A.Dot(B) = A.x * B.x + A.y * B.y; // + A.z * B.z; // for 3D dot products



and yeah, you need dot products for collision tests, and obviously vector additions, substractions, and multiplications (by scalars). Which are straight forwards.

the surest, and fastest way to detect if two polygon collide or not, is the method of separation axis.

to put it simply, in 2D, for example, a triangle is defined the area inside three intersecting lines. a point is inside the triangle is the point is inside the three lines.

for polygon-polygon collision detection, you try to fit a plane that separates the two polygons. If you can find a plane (or in 2D, if you can trace a line between the two polygons), then it means that the polygons don;t intersect.

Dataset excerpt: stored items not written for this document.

(* Let $A$ be a $\mathbb{Q}$-domain, $K=\operatorname{frac}(A)$, $B=A^{[n]}$ and $D\in \operatorname{LND}_A(B)$. Let $D_K$ denote the extension of $D$ to $K\otimes_A B=K^{[n]}$. Assume that $\operatorname{rank} D=\operatorname{rank} D_K$. If $D_K$ is rigid, then $D$ is rigid.
   Context: All rings are commutative integral domains containing $\mathbb{Q}$. For a ring $A$, $A^{[n]}$ denotes an $A$-algebra isomorphic to the polynomial ring in $n$ variables over $A$. If $B=A^{[n]}$, a coordinate system of $B$ over $A$ is an ordered $n$-tuple $(X_1,\dots,X_n)$ of elements of $B$ with $A[X_1,\dots,X_n]=B$; $\Gamma(B)$ denotes the set of all such. An $A$-derivation $D$ of $B$ is locally nilpotent if for every $x\in B$ there is $s>0$ with $D^s(x)=0$; $\operatorname{LND}_A(B)$ is the set of locally nilpotent $A$-derivations of $B$. The rank of $D$ is the least integer $r\ge 0$ such that there is a coordinate system $(X_1,\dots,X_n)$ of $B$ over $A$ with $A[X_1,\dots,X_{n-r}]\subset\ker D$. For $D$ of rank $r$, $\Gamma_D(B)$ is the set of $(X_1,\dots,X_n)\in\Gamma(B)$ with $A[X_1,\dots,X_{n-r}]\subset \ker D$. $D$ is rigid if $A[X_1,\dots,X_{n-r}]=A[X_1',\dots,X_{n-r}']$ whenever $(X_1,\dots,X_n)$ and $(X_1',\dots,X_n')$ both belong to $\Gamma_D(B)$. (The same definitions apply over $K$ to $D_K$.) *)

theory Defs
  imports Complex_Main
begin

text \<open>Everything lives inside an ambient field F (type 'a).  Multi-indices are functions nat \<Rightarrow> nat; a "coordinate
  tuple" is X :: nat \<Rightarrow> 'a, only X 0, ..., X (n-1) matter
  (the paper's X_1..X_n are our X 0 .. X (n-1)).\<close>

definition is_subring :: "'a::field set \<Rightarrow> bool" where
  "is_subring R \<longleftrightarrow> 0 \<in> R \<and> 1 \<in> R \<and> (\<forall>x\<in>R. \<forall>y\<in>R. x + y \<in> R \<and> x - y \<in> R \<and> x * y \<in> R)"
(* Let $F=G/H=G^{\mathbb C}/P$ be a (pseudo-Riemannian) flag manifold and let $J,J'$ be two $G$-invariant complex structures on $F$. Then all Koszul numbers of $J$ are even if and only if all Koszul numbers of $J'$ are even; i.e. divisibility by two of the Koszul numbers does not depend on the invariant complex structure.
   Context: $G$ is a compact connected simply-connected semisimple Lie group, $H$ the centralizer of a torus. Invariant complex structures on $F$ correspond to systems of simple roots $\Pi=\Pi_W\sqcup\Pi_B$ of $\mathfrak g^{\mathbb C}$ with $\Pi_W$ a system of simple roots of the root system $R_H$ of $\mathfrak h^{\mathbb C}$, $\Pi_B=\{\beta_1,\dots,\beta_v\}$. The Koszul form is $\sigma^J=\sum_{\alpha\in R^+\setminus R_H}\alpha=\sum_j k_j\Lambda_j$ with $\Lambda_j$ the fundamental weight of $\beta_j$; the $k_j$ are the Koszul numbers of $J$. *)

theory Defs
  imports "HOL-Analysis.Analysis"
begin

text \<open>Reduced crystallographic root system spanning the Euclidean space 'a
  (= root system of a complex semisimple Lie algebra, with the Killing-form
  induced inner product on the real span of the roots).\<close>
definition root_system :: "'a::euclidean_space set \<Rightarrow> bool" where
  "root_system R \<longleftrightarrow> finite R \<and> 0 \<notin> R \<and> span R = UNIV \<and>
     (\<forall>\<alpha>\<in>R. \<forall>\<beta>\<in>R. \<beta> - (2 * (\<beta> \<bullet> \<alpha>) / (\<alpha> \<bullet> \<alpha>)) *\<^sub>R \<alpha> \<in> R) \<and>
     (\<forall>\<alpha>\<in>R. \<forall>\<beta>\<in>R. 2 * (\<beta> \<bullet> \<alpha>) / (\<alpha> \<bullet> \<alpha>) \<in> \<int>) \<and>
     (\<forall>\<alpha>\<in>R. \<forall>c::real. c *\<^sub>R \<alpha> \<in> R \<longrightarrow> c = 1 \<or> c = -1)"
lemma count_below_eq_sum_pair_count:
  assumes "finite Z" "x \<in> Z"
  shows "count_below S Z = (\<Sum>X \<in> Pow (Z - {x}). pair_count S x X)"
proof -
  have "count_below S Z = count_below S (insert x (Z - {x}))"
    using assms(2) by (simp add: insert_absorb)
  also have "\<dots> = (\<Sum>X \<in> Pow (Z - {x}). pair_count S x X)"
    by (rule count_below_insert) (use assms(1) in auto)
  finally show ?thesis .
qed

lemma half_full_if_star_on:
  assumes "finite Z" "x \<in> Z" "star_on S Z x"
  shows "half_full S Z"
proof -
  have "count_below S Z = (\<Sum>X \<in> Pow (Z - {x}). 1)"
    unfolding count_below_eq_sum_pair_count[OF assms(1,2)]
    using assms(3) by (intro sum.cong) (auto simp: star_on_iff_pair_count)
  also have "\<dots> = 2 ^ card (Z - {x})"
    using assms(1) by (simp add: card_Pow)
  finally show ?thesis
    unfolding half_full_iff_delete[OF assms(1,2)] .
qed
definition accepts_from :: "'ap hta \<Rightarrow> nat \<Rightarrow> 'ap tree \<Rightarrow> nat list \<Rightarrow> bool" where
  "accepts_from A q t v \<longleftrightarrow> (\<exists>R \<rho>. accepting_run (A\<lparr>hinit := q\<rparr>) t v R \<rho>)"

lemma lang_accepts_from: "lang A = {t. is_tree t \<and> accepts_from A (hinit A) t []}"
  by (simp add: lang_def accepts_from_def)

lemma accepts_fromD:
  assumes "accepts_from A q t v"
  shows "q \<in> hstates A" and "v \<in> tdom t"
  using assms by (auto simp: accepts_from_def accepting_run_def)

lemma accepting_runD:
  assumes "accepting_run A t s R \<rho>"
  shows "[] \<in> R" and "\<rho> [] = (hinit A, s)" and "x @ [i] \<in> R \<Longrightarrow> x \<in> R"
    and "x \<in> R \<Longrightarrow> fst (\<rho> x) \<in> hstates A" and "x \<in> R \<Longrightarrow> snd (\<rho> x) \<in> tdom t"
    and "x \<in> R \<Longrightarrow> pbf_sat (sat_atom t (snd (\<rho> x)) (\<rho> ` children R x))
          (hdelta A (fst (\<rho> x)) (tlab t (snd (\<rho> x))) (snd (\<rho> x) = []))"
    and "\<pi> 0 = [] \<Longrightarrow> (\<And>k. \<pi> (Suc k) \<in> children R (\<pi> k)) \<Longrightarrow> \<exists>\<^sub>\<infinity>k. fst (\<rho> (\<pi> k)) \<in> hacc A"
  using assms unfolding accepting_run_def by blast+
section \<open>Polynomially decaying step sizes\<close>

locale power_stepsizes =
  fixes gamma0 lambda0 a b r :: real and gamma lambda :: "nat \<Rightarrow> real"
  assumes gamma0_pos: "gamma0 > 0" and lambda0_pos: "lambda0 > 0"
    and exps: "0 < b" "b < a" "a + b < 1" and r: "r < 1"
    and gamma_eq: "\<And>k. gamma k = gamma0 * (real k + 1) powr -a"
    and lambda_eq: "\<And>k. lambda k = lambda0 * (real k + 1) powr -b"
begin

lemma gamma_pos: "gamma k > 0"
  using gamma0_pos by (simp add: gamma_eq)

lemma lambda_pos: "lambda k > 0"
  using lambda0_pos by (simp add: lambda_eq)

lemma lambda_bounded: "bdd_above (range lambda)"
proof (rule bdd_aboveI2)
  show "lambda k \<le> lambda0" for k
    using lambda0_pos exps by (simp add: lambda_eq powr_minus_divide divide_le_eq ge_one_powr_ge_zero)
qed

lemma gamma_le_lambda: "gamma k \<le> gamma0 / lambda0 * lambda k"
proof -
  have "(real k + 1) powr -a \<le> (real k + 1) powr -b" using exps by (intro powr_mono) auto
  then show ?thesis using gamma0_pos lambda0_pos by (simp add: gamma_eq lambda_eq)
qed

lemma gamma_powr: "gamma k powr p = gamma0 powr p * (real k + 1) powr (- a * p)"
  using gamma0_pos by (simp add: gamma_eq powr_mult powr_powr)

lemma gamma_powr_split: "gamma k powr r = gamma k powr (r - 1) * gamma k"
  using gamma_pos[of k] powr_add[of "gamma k" "r - 1" 1] by simp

so, as you can see, there would be an infinite number of lines between two disjoint polygons. Fortunately, for triangle-triangle collision detection, you can reduce the number of lines to 6, which are the edges of the polygons themselves. To find if the edge E separates the two triangles, you find the intervals of the two triangles along that edge. if the two intervals don''t overlap, then the edge separates the two triangles, and the triangles are disjoint (don''t intersect).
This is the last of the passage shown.